• EXERCISE REQUIREMENTS: All of the records must be restated exactly, with every line complete.
=-=-=-=-=
(* Let $m\ge1$ and let $a$ be an integer with $\gcd(a,m)=1$. Then $$\operatorname{CC}(\operatorname{Hol}_a(\mathbb{Z}/m\mathbb{Z}))=\mathop{\divideontimes}_{p\mid m}\Gamma_{p^{\nu_p(m)}}\big(\operatorname{o}_{p^{\nu_p(m)}}(a)\big),$$ where the $\divideontimes$-product ranges over the primes $p$ dividing $m$ (the empty $\divideontimes$-product being $x_1$), $\operatorname{Hol}_a(\mathbb{Z}/m\mathbb{Z})=\{x\mapsto ax+b: b\in\mathbb{Z}/m\mathbb{Z}\}$, and $\Gamma_{p^k}(o)$ denotes the cycle counter of $\operatorname{Hol}_{a'}(\mathbb{Z}/p^k\mathbb{Z})$ for any $a'$ with $\operatorname{o}_{p^k}(a')=o$ (which depends only on $o$).
   Context: $\operatorname{CC}(X)=\sum_{g\in X}\operatorname{CT}(g)$, where $\operatorname{CT}(g)=x_1^{k_1}x_2^{k_2}\cdots$ with $k_i$ the number of $i$-cycles of $g$. For $p\nmid a$: if $p>2$, $\operatorname{o}_{p^k}(a)$ is the multiplicative order of $a$ mod $p^k$; if $p=2$, $k\le1$, $\operatorname{o}_{2^k}(a)=(0,1)$; if $p=2$, $k\ge2$, writing $a\equiv(-1)^\epsilon a'\pmod{2^k}$ with $\epsilon\in\{0,1\}$ and $a'$ a power of $5$, $\operatorname{o}_{2^k}(a)=(\epsilon,\operatorname{ord}_{2^k}(a'))$. The $\divideontimes$-product on $\mathbb{Q}[x_1,x_2,\dots]$ is the bilinear product determined on monomials by $x_i^e\divideontimes x_j^f=x_{\operatorname{lcm}(i,j)}^{ef\gcd(i,j)}$ and $\big(\prod_i x_i^{e_i}\big)\divideontimes\big(\prod_jx_j^{f_j}\big)=\prod_{i,j}(x_i^{e_i}\divideontimes x_j^{f_j})$ (ordinary product on the right); it is commutative and associative. *)

theory Defs
  imports "HOL-Number_Theory.Number_Theory" "HOL-Library.Poly_Mapping"
begin

text \<open>Polynomials in Q[x_1,x_2,...]: a monomial x_1^k_1 x_2^k_2 ... is its
  exponent vector (finitely supported nat to nat); a polynomial is a finitely
  supported map from monomials to rational coefficients.\<close>

type_synonym mono = "nat \<Rightarrow>\<^sub>0 nat"
type_synonym cpoly = "mono \<Rightarrow>\<^sub>0 rat"

definition monomial_poly :: "mono \<Rightarrow> cpoly" where
  "monomial_poly \<alpha> = Poly_Mapping.single \<alpha> 1"

definition x1 :: cpoly where
  "x1 = monomial_poly (Poly_Mapping.single 1 1)"

definition orbit_of :: "('a \<Rightarrow> 'a) \<Rightarrow> 'a \<Rightarrow> 'a set" where
  "orbit_of g x = {(g ^^ n) x | n. True}"

definition cycles_on :: "('a \<Rightarrow> 'a) \<Rightarrow> 'a set \<Rightarrow> 'a set set" where
  "cycles_on g S = orbit_of g ` S"

definition num_cycles :: "('a \<Rightarrow> 'a) \<Rightarrow> 'a set \<Rightarrow> nat \<Rightarrow> nat" where
  "num_cycles g S i = card {c \<in> cycles_on g S. card c = i}"

definition CT :: "('a \<Rightarrow> 'a) \<Rightarrow> 'a set \<Rightarrow> cpoly" where
  "CT g S = monomial_poly (Abs_poly_mapping (num_cycles g S))"

definition CC :: "('a \<Rightarrow> 'a) set \<Rightarrow> 'a set \<Rightarrow> cpoly" where
  "CC X S = (\<Sum>g\<in>X. CT g S)"

text \<open>Z/mZ is represented by {0..<m} \<subseteq> int;
  Hol_a(Z/mZ) = {x \<mapsto> a x + b : b \<in> Z/mZ}.\<close>
definition Zmod :: "nat \<Rightarrow> int set" where
  "Zmod m = {0..<int m}"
=-=-=-=-=
• ANSWER BELOW:
(* Let $m\ge1$ and let $a$ be an integer with $\gcd(a,m)=1$. Then $$\operatorname{CC}(\operatorname{Hol}_a(\mathbb{Z}/m\mathbb{Z}))=\mathop{\divideontimes}_{p\mid m}\Gamma_{p^{\nu_p(m)}}\big(\operatorname{o}_{p^{\nu_p(m)}}(a)\big),$$ where the $\divideontimes$-product ranges over the primes $p$ dividing $m$ (the empty $\divideontimes$-product being $x_1$), $\operatorname{Hol}_a(\mathbb{Z}/m\mathbb{Z})=\{x\mapsto ax+b: b\in\mathbb{Z}/m\mathbb{Z}\}$, and $\Gamma_{p^k}(o)$ denotes the cycle counter of $\operatorname{Hol}_{a'}(\mathbb{Z}/p^k\mathbb{Z})$ for any $a'$ with $\operatorname{o}_{p^k}(a')=o$ (which depends only on $o$).
   Context: $\operatorname{CC}(X)=\sum_{g\in X}\operatorname{CT}(g)$, where $\operatorname{CT}(g)=x_1^{k_1}x_2^{k_2}\cdots$ with $k_i$ the number of $i$-cycles of $g$. For $p\nmid a$: if $p>2$, $\operatorname{o}_{p^k}(a)$ is the multiplicative order of $a$ mod $p^k$; if $p=2$, $k\le1$, $\operatorname{o}_{2^k}(a)=(0,1)$; if $p=2$, $k\ge2$, writing $a\equiv(-1)^\epsilon a'\pmod{2^k}$ with $\epsilon\in\{0,1\}$ and $a'$ a power of $5$, $\operatorname{o}_{2^k}(a)=(\epsilon,\operatorname{ord}_{2^k}(a'))$. The $\divideontimes$-product on $\mathbb{Q}[x_1,x_2,\dots]$ is the bilinear product determined on monomials by $x_i^e\divideontimes x_j^f=x_{\operatorname{lcm}(i,j)}^{ef\gcd(i,j)}$ and $\big(\prod_i x_i^{e_i}\big)\divideontimes\big(\prod_jx_j^{f_j}\big)=\prod_{i,j}(x_i^{e_i}\divideontimes x_j^{f_j})$ (ordinary product on the right); it is commutative and associative. *)

theory Defs
  imports "HOL-Number_Theory.Number_Theory" "HOL-Library.Poly_Mapping"
begin

text \<open>Polynomials in Q[x_1,x_2,...]: a monomial x_1^k_1 x_2^k_2 ... is its
  exponent vector (finitely supported nat to nat); a polynomial is a finitely
  supported map from monomials to rational coefficients.\<close>

type_synonym mono = "nat \<Rightarrow>\<^sub>0 nat"
type_synonym cpoly = "mono \<Rightarrow>\<^sub>0 rat"

definition monomial_poly :: "mono \<Rightarrow> cpoly" where
  "monomial_poly \<alpha> = Poly_Mapping.single \<alpha> 1"

definition x1 :: cpoly where
  "x1 = monomial_poly (Poly_Mapping.single 1 1)"

definition orbit_of :: "('a \<Rightarrow> 'a) \<Rightarrow> 'a \<Rightarrow> 'a set" where
  "orbit_of g x = {(g ^^ n) x | n. True}"

definition cycles_on :: "('a \<Rightarrow> 'a) \<Rightarrow> 'a set \<Rightarrow> 'a set set" where
  "cycles_on g S = orbit_of g ` S"

definition num_cycles :: "('a \<Rightarrow> 'a) \<Rightarrow> 'a set \<Rightarrow> nat \<Rightarrow> nat" where
  "num_cycles g S i = card {c \<in> cycles_on g S. card c = i}"

definition CT :: "('a \<Rightarrow> 'a) \<Rightarrow> 'a set \<Rightarrow> cpoly" where
  "CT g S = monomial_poly (Abs_poly_mapping (num_cycles g S))"

definition CC :: "('a \<Rightarrow> 'a) set \<Rightarrow> 'a set \<Rightarrow> cpoly" where
  "CC X S = (\<Sum>g\<in>X. CT g S)"

text \<open>Z/mZ is represented by {0..<m} \<subseteq> int;
  Hol_a(Z/mZ) = {x \<mapsto> a x + b : b \<in> Z/mZ}.\<close>
definition Zmod :: "nat \<Rightarrow> int set" where
  "Zmod m = {0..<int m}"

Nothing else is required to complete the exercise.